Given $X\propto N(\mu,\psi^2)$ and $K$ constant, find $E(\max\{K-X,0\})$.
My attempt: $$ \begin{align} E(\max\{K-X,0\})\\ &=\int_{-\infty}^{\infty}\max\{K-x,0\}f_X(x)dx\\ &=\int_{K}^{\infty}(K-x)f_X(x)dx\\ &=\int_{K}^{\infty}[(K-\mu)-(X-\mu)]f_X(x)dx\\ &=\int_{K}^{\infty}(K-\mu)f_X(x)dx-\int_{K}^{\infty}(x-\mu)f_X(x)dx\\ &=(K-\mu)(1-\Phi(K))-\int_{K}^{\infty}(x-\mu)f_X(x)dx\\ &=(K-\mu)(1-\Phi(K))-\int_{K}^{\infty}(x-\mu)\frac{1}{(2\pi \psi^2)^{1/2}}e^{-\frac{(x-\mu)^2}{2\psi^2}}dx\\ &=(K-\mu)(1-\Phi(K))-\int_{\frac{(K-\mu)^2}{2\psi^2}}^{\infty}\psi^2\frac{1}{(2\pi \psi^2)^{1/2}}e^{-z}dz\\ &=(K-\mu)(1-\Phi(K))+\frac{\psi}{\sqrt{2\pi}}e^{-z}|_{\frac{(K-\mu)^2}{2\psi^2}}^{\infty}\\ &=(K-\mu)(1-\Phi(K))-\frac{\psi}{\sqrt{2\pi}}e^{-\frac{(K-\mu)^2}{2\psi^2}} \end{align} $$ where I have used the change of variables $z=\frac{(x-\mu)^2}{2\psi^2}$.
However, when I check my answer numerically, I see that the integral is not correct.
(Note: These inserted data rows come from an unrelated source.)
definition RegDual :: "nat \<Rightarrow> nat \<Rightarrow> (nat \<Rightarrow> real) set" where
  "RegDual b d = {y \<in> vecs d. \<forall>m\<in>Reg b d. (\<Sum>k=1..d. y k * m k) \<ge> 0}"

definition vv :: "nat \<Rightarrow> nat \<Rightarrow> real" where
  "vv i k = (if k = i then 1 else 0) - (if k = i + 1 then 1 else 0)"

end

theory Submission imports Defs begin

(* Proof plan.
   (1) Every q in Qmin is a Toeplitz array, q i j = c (j - i) with the nonincreasing
       profile c t = q 1 (t + 1).  Hence sum_j y_j mu_{1,j}(q) - ell(q) is a linear
       functional gap y c of the profile alone.
   (2) Nonincreasing profiles are nonnegative combinations of the constants +-1 and the
       steps [t < s], all of which come from Qmin.  Evaluating gap on these generators in
       terms of the partial sums psum y s = y_1 + ... + y_s shows that A(Qmin) is the
       polyhedron ineq_set: psum y d = 0 and psum y s + b psum y (d-s) >= s(d-s).
   (3) The cone ineq_cone (same inequalities with right-hand side 0) equals both Reg^*
       and the cone spanned by the rays b v_{d-i} - v_i, via the cycle of inclusions
       Reg^* <= ineq_cone <= rays <= Reg^*.
   (4) Since psum (2 rho/(b+1)) s = s(d-s)/(b+1), translating by 2 rho/(b+1) maps
       ineq_cone onto ineq_set; the three descriptions of the main theorem follow. *)

lemma sum_reflect: "(\<Sum>i=1..n. g (n - i)) = (\<Sum>t<n. (g (t::nat)) :: real)"
  by (rule sum.reindex_bij_witness[where i="\<lambda>t. n - t" and j="\<lambda>i. n - i"]) auto

lemma sum_reflect_weighted:
  "(\<Sum>i=1..d. real i * f (d - i)) = (\<Sum>t<d. real (d - t) * (f t :: real))"
proof -
  have "(\<Sum>i=1..d. real i * f (d - i)) = (\<Sum>i=1..d. real (d - (d - i)) * f (d - i))"
    by (rule sum.cong) auto
  also have "\<dots> = (\<Sum>t<d. real (d - t) * f t)" by (rule sum_reflect)
  finally show ?thesis .
qed

lemma Iset_Suc: "Iset (Suc d) = Iset d \<union> (\<lambda>i. (i, Suc d)) ` {1..Suc d}"
  unfolding Iset_def by (auto simp: le_Suc_eq)

lemma finite_Iset: "finite (Iset d)"
proof -
  have "Iset d \<subseteq> {1..d} \<times> {1..d}" unfolding Iset_def by auto
  then show ?thesis by (rule finite_subset) auto
qed
theorem theorem3p2:
  fixes E :: "'v::finite \<Rightarrow> 'v \<Rightarrow> bool" and u v :: 'v
  assumes "simple_graph E" and "E u v" and "E_hat E u v = {}"
  shows "adj_coeff 4 E \<ge> adj_coeff 4 (compression E u v) \<and>
         (N_out E v u \<noteq> {} \<and> N_out E u v \<noteq> {} \<longrightarrow>
           adj_coeff 4 E > adj_coeff 4 (compression E u v))"
proof -
  let ?G = "compression E u v"
  have irrefl: "\<And>H x. simple_graph H \<Longrightarrow> \<not> H x x"
    unfolding simple_graph_def by blast
  have "u \<noteq> v"
    using assms(1,2) irrefl by blast
  note split = adj_coeff_4_split[OF irrefl[OF assms(1)] \<open>u \<noteq> v\<close>]
    adj_coeff_4_split[OF irrefl[OF simple_graph_compression[OF assms(1)]] \<open>u \<noteq> v\<close>]
  have quads: "(\<Sum>S | S \<subseteq> - {u, v} \<and> card S = 4. adj_minor ?G S)
      = (\<Sum>S | S \<subseteq> - {u, v} \<and> card S = 4. adj_minor E S)"
    by (intro sum.cong refl adj_minor_compression_outside) simp
  have triples: "(\<Sum>S | S \<subseteq> - {u, v} \<and> card S = 3. adj_minor ?G (insert u S) + adj_minor ?G (insert v S))
      \<le> (\<Sum>S | S \<subseteq> - {u, v} \<and> card S = 3. adj_minor E (insert u S) + adj_minor E (insert v S))"
    using assms(1) \<open>u \<noteq> v\<close> by (intro sum_mono adj_minor_compression_triple_le) auto
  show ?thesis
    unfolding split quads
    using triples sum_minors_compression_pairs_le[OF assms(1) \<open>u \<noteq> v\<close> assms(3)]
      sum_minors_compression_pairs_less[OF assms(1,3)]
    by fastforce
qed

end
Here is working Python code to check:
import numpy as np
from scipy.stats import norm
# simulation parameters for checking answers numerically
trials = 100000
K = 0.25
mu = np.pi/2
psi = 3.0
simulated = np.mean([np.max([K-x, 0])
for x in np.random.normal(mu, psi, trials)])
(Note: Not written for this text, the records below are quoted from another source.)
(* Let $m$ be a positive integer, $n=m(m+1)/2$, write $\prod_{i=1}^m(1-X^i)=\sum_{i=0}^nc_iX^i$, and set $d_j=\sum_{i=0}^{n-j}c_i$ for $j=1,\dots,n$. Then for every non-empty $S\subseteq[1,m]$, $$\sum_{j=1}^n d_j\,r(j,S)=\sum_{j=1}^n d_j\,p(j,S)=\begin{cases}1&\text{if }S=[1,m],\\0&\text{otherwise.}\end{cases}$$
   Context: $p(k,S)$ is the number of partitions of $k$ all of whose parts lie in $S$. $r(k,S)$ is the number of partitions of $k$ whose set of distinct parts is exactly $S$. $[1,m]=\{1,\dots,m\}$. *)

theory Defs
  imports "HOL-Library.Multiset" "HOL-Computational_Algebra.Polynomial"
begin

definition partitions :: "nat \<Rightarrow> nat multiset set" where
  "partitions k = {M. (\<forall>x\<in>#M. 0 < x) \<and> sum_mset M = k}"

definition p_part :: "nat \<Rightarrow> nat set \<Rightarrow> nat" where
  "p_part k S = card {M \<in> partitions k. set_mset M \<subseteq> S}"

definition r_part :: "nat \<Rightarrow> nat set \<Rightarrow> nat" where
  "r_part k S = card {M \<in> partitions k. set_mset M = S}"

definition euler_poly :: "nat \<Rightarrow> int poly" where
  "euler_poly m = (\<Prod>i=1..m. 1 - monom 1 i)"

definition c_coeff :: "nat \<Rightarrow> nat \<Rightarrow> int" where
  "c_coeff m i = coeff (euler_poly m) i"

definition d_coeff :: "nat \<Rightarrow> nat \<Rightarrow> int" where
  "d_coeff m j = (\<Sum>i=0..(m * (m + 1) div 2) - j. c_coeff m i)"

end

theory Submission
  imports Defs "HOL-Computational_Algebra.Polynomial_FPS"
begin

(* Write E = prod_{i=1..m} (1 - X^i) and, for T a finite set of positive
   integers, Q_T = prod_{i in T} (1 - X^i).  The generating function of p(k,S) is the
   power series inverse of Q_S, and that of r(k,S) is X^(sum S) / Q_S, because a
   partition with part set exactly S is one copy of each element of S plus an arbitrary
   partition with parts in S.  Splitting E = Q_T * Q_S with T = [1,m] - S, the series
   E * P_S and E * R_S are the polynomials Q_T and X^(sum S) * Q_T, both of degree at
   most n.  Since E(1) = 0, the weights d_j turn sum_{j=1..n} d_j a_j into the sum of
   the first n+1 coefficients of E * A, i.e. into the value at 1 of that polynomial;
   both sums therefore equal Q_T(1), which is 1 iff T is empty, i.e. iff S = [1,m]. *)

unbundle fps_syntax

lemma member_le_sum_mset: "(x::nat) \<in># M \<Longrightarrow> x \<le> sum_mset M"
  by (induction M) auto

lemma size_le_sum_mset: "\<forall>x\<in>#M. 0 < (x::nat) \<Longrightarrow> size M \<le> sum_mset M"
  by (induction M) auto

lemma partitions_subset_multisets_of_size:
  "partitions k \<subseteq> (\<Union>s\<le>k. multisets_of_size {1..k} s)"
proof
  fix M assume "M \<in> partitions k"
  then have pos: "\<forall>x\<in>#M. 0 < x" and sum: "sum_mset M = k" by (auto simp: partitions_def)
  have "set_mset M \<subseteq> {1..k}"
    using pos sum member_le_sum_mset by fastforce
  moreover have "size M \<le> k" using size_le_sum_mset[OF pos] sum by simp
  ultimately show "M \<in> (\<Union>s\<le>k. multisets_of_size {1..k} s)"
    by (auto simp: multisets_of_size_def)
qed

lemma finite_partitions: "finite (partitions k)"
  by (rule finite_subset[OF partitions_subset_multisets_of_size]) auto

lemma card_partitions_containing:
  assumes "set_mset N \<subseteq> A" and "\<forall>x\<in>#N. 0 < x"
  shows "card {M \<in> partitions k. set_mset M \<subseteq> A \<and> N \<subseteq># M}
       = (if sum_mset N \<le> k then p_part (k - sum_mset N) A else 0)"
proof (cases "sum_mset N \<le> k")
  case True
  have "bij_betw (\<lambda>K. K + N) {K \<in> partitions (k - sum_mset N). set_mset K \<subseteq> A}
                                  {M \<in> partitions k. set_mset M \<subseteq> A \<and> N \<subseteq># M}"
  proof (rule bij_betwI[where g = "\<lambda>M. M - N"])
    show "(\<lambda>K. K + N) \<in> {K \<in> partitions (k - sum_mset N). set_mset K \<subseteq> A}
                      \<rightarrow> {M \<in> partitions k. set_mset M \<subseteq> A \<and> N \<subseteq># M}"
      using True assms by (auto simp: partitions_def)
    show "(\<lambda>M. M - N) \<in> {M \<in> partitions k. set_mset M \<subseteq> A \<and> N \<subseteq># M}
                      \<rightarrow> {K \<in> partitions (k - sum_mset N). set_mset K \<subseteq> A}"
      by (auto simp: partitions_def sum_mset_diff dest: in_diffD)
  qed (auto simp: subset_mset.diff_add)
  then show ?thesis
    using True by (simp add: p_part_def bij_betw_same_card)
next
  case False
  have "sum_mset N \<le> sum_mset M" if "N \<subseteq># M" for M
    using that by (auto simp: subset_mset.le_iff_add)
  then have "{M \<in> partitions k. set_mset M \<subseteq> A \<and> N \<subseteq># M} = {}"
    using False by (force simp: partitions_def)
  then show ?thesis using False by (simp del: Collect_empty_eq)
qed


lemma p_part_empty: "p_part k {} = (if k = 0 then 1 else 0)"
proof -
  have "{M \<in> partitions k. set_mset M \<subseteq> {}} = (if k = 0 then {{#}} else {})"
    by (auto simp: partitions_def)
  then show ?thesis by (simp add: p_part_def)
qed

(* Recurrence for p: a partition with parts in insert s S either avoids s or contains
   a copy of s, whose removal leaves a partition of k - s. *)
lemma p_part_insert:
  assumes "0 < s" and "s \<notin> S"
  shows "p_part k (insert s S) = p_part k S + (if s \<le> k then p_part (k - s) (insert s S) else 0)"
proof -
  let ?with = "{M \<in> partitions k. set_mset M \<subseteq> insert s S \<and> {#s#} \<subseteq># M}"
  let ?without = "{M \<in> partitions k. set_mset M \<subseteq> S}"
  have split: "{M \<in> partitions k. set_mset M \<subseteq> insert s S} = ?without \<union> ?with"
    by auto
  have "?without \<inter> ?with = {}" using assms(2) by auto
  moreover have "finite ?without" "finite ?with"
    using finite_partitions by auto
  ultimately have "p_part k (insert s S) = card ?without + card ?with"
    unfolding p_part_def split by (simp add: card_Un_disjoint)
  also have "card ?with = (if s \<le> k then p_part (k - s) (insert s S) else 0)"
    using card_partitions_containing[of "{#s#}" "insert s S" k] assms(1) by simp
  finally show ?thesis by (simp add: p_part_def)
qed

(* A partition with part set exactly S is mset_set S plus a partition with parts in S. *)
lemma r_part_eq_p_part:
  assumes "finite S" and "\<forall>s\<in>S. 0 < s"
  shows "r_part k S = (if \<Sum>S \<le> k then p_part (k - \<Sum>S) S else 0)"
proof -
  have "{M \<in> partitions k. set_mset M = S}
      = {M \<in> partitions k. set_mset M \<subseteq> S \<and> mset_set S \<subseteq># M}"
    using assms(1) mset_set_set_mset_msubset by (fastforce dest: mset_subset_eqD)
  moreover have "sum_mset (mset_set S) = \<Sum>S"
    using assms(1) by (simp add: sum_unfold_sum_mset)
  ultimately show ?thesis
    using card_partitions_containing[of "mset_set S" S k] assms by (simp add: r_part_def)
qed


definition p_gf :: "nat set \<Rightarrow> int fps" where
  "p_gf S = Abs_fps (\<lambda>k. int (p_part k S))"

definition factor_poly :: "nat set \<Rightarrow> int poly" where
  "factor_poly T = (\<Prod>i\<in>T. 1 - monom 1 i)"

lemma p_gf_insert:
  assumes "0 < s" and "s \<notin> S"
  shows "p_gf (insert s S) * (1 - fps_X ^ s) = p_gf S"
proof -
  have "p_gf (insert s S) = p_gf S + fps_X ^ s * p_gf (insert s S)"
    by (rule fps_ext) (simp add: p_gf_def fps_X_power_mult_nth p_part_insert[OF assms])
  then show ?thesis by (simp add: algebra_simps)
qed

lemma p_gf_inverse:
  assumes "finite S" and "\<forall>s\<in>S. 0 < s"
  shows "p_gf S * fps_of_poly (factor_poly S) = 1"
  using assms
proof (induction S rule: finite_induct)
  case empty
  have "p_gf {} = 1"
    by (rule fps_ext) (simp add: p_gf_def p_part_empty)
  then show ?case by (simp add: factor_poly_def)
next
  case (insert s S)
  have "p_gf (insert s S) * fps_of_poly (factor_poly (insert s S))
      = (p_gf (insert s S) * (1 - fps_X ^ s)) * fps_of_poly (factor_poly S)"
    using insert.hyps
    by (simp add: factor_poly_def fps_of_poly_diff fps_of_poly_monom' mult.assoc)
  also have "\<dots> = 1"
    using insert by (simp add: p_gf_insert)
  finally show ?case .
qed

lemma r_gf_eq:
  assumes "finite S" and "\<forall>s\<in>S. 0 < s"
  shows "Abs_fps (\<lambda>k. int (r_part k S)) = fps_X ^ (\<Sum>S) * p_gf S"
  by (rule fps_ext) (simp add: r_part_eq_p_part[OF assms] fps_X_power_mult_nth p_gf_def)

lemma degree_factor_poly: "degree (factor_poly T) \<le> \<Sum>T"
proof (cases "finite T")
  case True
  have "degree (factor_poly T) \<le> (\<Sum>i\<in>T. degree (1 - monom (1::int) i))"
    unfolding factor_poly_def using degree_prod_sum_le[OF True] by (simp add: o_def)
  also have "\<dots> \<le> \<Sum>T"
    by (rule sum_mono) (auto intro!: degree_diff_le simp: degree_monom_le)
  finally show ?thesis .
qed (simp add: factor_poly_def)

lemma poly_factor_poly_1:
  "finite T \<Longrightarrow> poly (factor_poly T) 1 = (if T = {} then 1 else 0)"
  by (simp add: factor_poly_def poly_prod poly_monom card_gt_0_iff)

lemma sum_coeffs_eq_poly_1:
  fixes R :: "'a::comm_ring_1 poly"
  assumes "degree R \<le> n"
  shows "(\<Sum>k\<le>n. coeff R k) = poly R 1"
proof -
  have "poly R 1 = (\<Sum>k\<le>degree R. coeff R k)" by (simp add: poly_altdef)
  also have "\<dots> = (\<Sum>k\<le>n. coeff R k)"
    by (rule sum.mono_neutral_left) (use assms in \<open>auto simp: coeff_eq_0\<close>)
  finally show ?thesis by simp
qed

lemma tail_sums_convolution:
  fixes P :: "'a::comm_ring_1 poly"
  shows "(\<Sum>j\<le>n. (\<Sum>i\<le>n-j. coeff P i) * a j) = (\<Sum>k\<le>n. (fps_of_poly P * Abs_fps a) $ k)"
proof -
  have "(\<Sum>j\<le>n. (\<Sum>i\<le>n-j. coeff P i) * a j) = (\<Sum>(i,j)\<in>{(i,j). i + j \<le> n}. coeff P i * a j)"
  proof -
    have "(\<Sum>j\<le>n. (\<Sum>i\<le>n-j. coeff P i) * a j) = (\<Sum>(j,i)\<in>(SIGMA j:{..n}. {..n-j}). coeff P i * a j)"
      by (simp add: sum.Sigma sum_distrib_right)
    also have "\<dots> = (\<Sum>(i,j)\<in>{(i,j). i + j \<le> n}. coeff P i * a j)"
      by (rule sum.reindex_bij_witness[where i = prod.swap and j = prod.swap]) auto
    finally show ?thesis .
  qed
  also have "\<dots> = (\<Sum>k\<le>n. \<Sum>i\<le>k. coeff P i * a (k - i))"
    by (rule sum.triangle_reindex_eq)
  also have "\<dots> = (\<Sum>k\<le>n. (fps_of_poly P * Abs_fps a) $ k)"
    by (simp add: fps_mult_nth atLeast0AtMost)
  finally show ?thesis .
qed


lemma tail_weighted_sum_eq_poly_1:
  fixes P Q :: "'a::comm_ring_1 poly"
  assumes "degree P \<le> n" and "poly P 1 = 0"
    and "fps_of_poly P * Abs_fps a = fps_of_poly Q" and "degree Q \<le> n"
  shows "(\<Sum>j=1..n. (\<Sum>i\<le>n-j. coeff P i) * a j) = poly Q 1"
proof -
  have "(\<Sum>i\<le>n-0. coeff P i) = 0"
    using sum_coeffs_eq_poly_1[OF assms(1)] assms(2) by simp
  then have "(\<Sum>j=1..n. (\<Sum>i\<le>n-j. coeff P i) * a j) = (\<Sum>j\<le>n. (\<Sum>i\<le>n-j. coeff P i) * a j)"
    by (simp add: atMost_atLeast0 sum.atLeast_Suc_atMost)
  also have "\<dots> = (\<Sum>k\<le>n. coeff Q k)"
    unfolding tail_sums_convolution assms(3) by simp
  also have "\<dots> = poly Q 1"
    by (rule sum_coeffs_eq_poly_1[OF assms(4)])
  finally show ?thesis .
qed

theorem propositionA:
  fixes m :: nat and S :: "nat set"
  assumes "0 < m" and "S \<noteq> {}" and "S \<subseteq> {1..m}"
  defines "n \<equiv> m * (m + 1) div 2"
  shows "(\<Sum>j=1..n. d_coeff m j * int (r_part j S)) = (\<Sum>j=1..n. d_coeff m j * int (p_part j S))
       \<and> (\<Sum>j=1..n. d_coeff m j * int (p_part j S)) = (if S = {1..m} then 1 else 0)"
proof -
  define T where "T = {1..m} - S"
  define E where "E = euler_poly m"
  have fin: "finite S" "finite T" and pos: "\<forall>s\<in>S. 0 < s"
    using assms(3) finite_subset by (auto simp: T_def)
  have n_sum: "\<Sum>{1..m} = n"
    using gauss_sum_from_Suc_0[of m, where ?'a = nat] by (simp add: n_def)
  have n_split: "n = \<Sum>S + \<Sum>T"
    using sum.subset_diff[OF assms(3), of id] n_sum by (simp add: T_def)
  have E_split: "E = factor_poly T * factor_poly S"
    using prod.subset_diff[OF assms(3)] by (simp add: E_def euler_poly_def factor_poly_def T_def)
  have deg_E: "degree E \<le> n"
    using degree_factor_poly[of "{1..m}"] n_sum by (simp add: E_def euler_poly_def factor_poly_def)
  have E_1: "poly E 1 = 0"
    using poly_factor_poly_1[of "{1..m}"] assms(1) by (simp add: E_def euler_poly_def factor_poly_def)
  have d_eq: "d_coeff m j = (\<Sum>i\<le>n-j. coeff E i)" for j
    by (simp add: d_coeff_def c_coeff_def E_def n_def atMost_atLeast0)
  have inv: "p_gf S * fps_of_poly (factor_poly S) = 1"
    by (rule p_gf_inverse[OF fin(1) pos])
  have "fps_of_poly E * Abs_fps (\<lambda>j. int (p_part j S)) = fps_of_poly (factor_poly T)"
    using inv by (simp add: E_split fps_of_poly_mult p_gf_def[symmetric] algebra_simps)
  then have p_sum: "(\<Sum>j=1..n. d_coeff m j * int (p_part j S)) = poly (factor_poly T) 1"
    unfolding d_eq
    by (rule tail_weighted_sum_eq_poly_1[OF deg_E E_1])
       (use degree_factor_poly[of T] n_split in simp)
  have "fps_of_poly E * Abs_fps (\<lambda>j. int (r_part j S)) = fps_of_poly (monom 1 (\<Sum>S) * factor_poly T)"
    using inv by (simp add: r_gf_eq[OF fin(1) pos] E_split fps_of_poly_mult fps_of_poly_monom'
                            algebra_simps)
  moreover have "degree (monom 1 (\<Sum>S) * factor_poly T) \<le> n"
    using degree_mult_le[of "monom 1 (\<Sum>S)" "factor_poly T"] degree_factor_poly[of T]
          degree_monom_le[of "1::int" "\<Sum>S"] n_split by linarith
  ultimately have r_sum: "(\<Sum>j=1..n. d_coeff m j * int (r_part j S)) = poly (factor_poly T) 1"
    unfolding d_eq using tail_weighted_sum_eq_poly_1[OF deg_E E_1] by (simp add: poly_monom)
  have "T = {} \<longleftrightarrow> S = {1..m}"
    using assms(3) by (auto simp: T_def)
  then show ?thesis
    using p_sum r_sum poly_factor_poly_1[OF fin(2)] by simp
qed

end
numerical = (K-mu)*(1-norm.cdf(K, mu, psi)) - np.exp(-((K-mu)**2)/(2*psi**2))*psi/np.sqrt(2*np.pi)
print(simulated)
print(numerical)
This gives:
simulated = 0.6448298784565597
numerical = -1.9713797586737627
What is the issue with my integration?
The bounds on the original integral are not correct. The requirement $x\le K$ means the bounds must run from $-\infty$ to $K$.
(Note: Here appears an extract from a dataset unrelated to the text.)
(* Let $(v,L)$ be a (sufficiently regular) solution on $(t_0,t_1)\times\mathbb T^3$ of the system \[ \begin{aligned} \partial_t v^i&=-\frac{\alpha(1-3K)}{t}v^i - \frac{K}{1+K}t^{-\alpha}(1-|v|^2)\partial_i L-t^{-\alpha}v^j\partial_j v^i +t^{-\alpha}\Big(1-\frac{1-K}{1-K|v|^2}\Big)v^i\partial_j v^j\\ &\quad+t^{-\alpha}\frac{1-K}{1+K}\Big(1-\frac{1-K}{1-K|v|^2}\Big)v^i v^j\partial_j L +\frac{\alpha(1-3K)}{t}\frac{1-K}{1-K|v|^2}|v|^2 v^i,\\ \partial_tL&=-t^{-\alpha}\frac{1+K}{1-K|v|^2}\partial_j v^j-t^{-\alpha}\frac{1-K}{1-K|v|^2} v^j\partial_j L+\frac{\alpha(1+K)}{t}\frac{1-3K}{1-K|v|^2}|v|^2 . \end{aligned} \] Then \[ \begin{aligned} \partial_t\Big(\frac12\int\frac{1}{1-|v|^2} v_m\partial_i v^m v_n\partial^i v^n\Big) &=-\frac{\alpha(1-3K)}{t}\int\frac{v_m\partial^iv^m}{1-|v|^2}v_n\partial_iv^n \\ &\quad-\frac{K}{1+K}t^{-\alpha}\int v_m\partial^iv^m\, \partial_i(v^n\partial_nL)\frac{1-|v|^2}{1-K|v|^2}\\ &\quad +t^{-\alpha}\int\frac{v_m\partial^iv^m}{1-|v|^2}\partial_i(\partial_jv^j)\,|v|^2\Big(1-\frac{1-K}{1-K|v|^2}\Big) +f(t), \end{aligned} \] where $f(t)$ is a perturbative term.
   Context: Standing assumptions: $\alpha>0$ and $0\le K\le1/3$ constants, $t>1$, $|v|<1/10$. $\int$ denotes $\int_{\mathbb T^3}\cdot\,d^3x$ over the standard flat torus; indices raised/lowered with $\delta$, repeated indices summed, $|v|^2=\delta_{ij}v^iv^j$; $D$ is the spatial gradient. A function $f(t)$ is called perturbative if $|f(t)|\le C\frac{1+t^{1-\alpha}}{t}p(\|DL\|_{L^2},\|Dv\|_{L^2},\|v\|_{L^\infty},\|Dv\|_{L^\infty})$ for a constant $C$ and a polynomial $p$ whose lowest-order terms have degree at least 3. *)

theory Defs
  imports "HOL-Analysis.Analysis"
begin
Here are the correct steps: $$ \begin{align} E(\max\{K-X,0\})\\ &=\int_{-\infty}^{\infty}\max\{K-x,0\}f_X(x)dx\\ &=\int_{-\infty}^{K}(K-x)f_X(x)dx\\ &=\int_{-\infty}^{K}[(K-\mu)-(X-\mu)]f_X(x)dx\\ &=\int_{-\infty}^{K}(K-\mu)f_X(x)dx-\int_{-\infty}^{K}(x-\mu)f_X(x)dx\\ &=(K-\mu)\Phi(K)-\int_{-\infty}^{K}(x-\mu)f_X(x)dx\\ &=(K-\mu)\Phi(K)-\int_{-\infty}^{K}(x-\mu)\frac{1}{(2\pi \psi^2)^{1/2}}e^{-\frac{(x-\mu)^2}{2\psi^2}}dx\\ &=(K-\mu)\Phi(K)-\int_{\infty}^{\frac{(K-\mu)^2}{2\psi^2}}\psi^2\frac{1}{(2\pi \psi^2)^{1/2}}e^{-z}dz\\ &=(K-\mu)\Phi(K)+\frac{\psi}{\sqrt{2\pi}}e^{-\frac{(K-\mu)^2}{2\psi^2}} \end{align} $$
Here is working Python code to check:
This gives:
simulated = 0.6526939144762599
numerical = 0.650583431878866
where the difference in value arises because of the finite number of trials used for the simulation.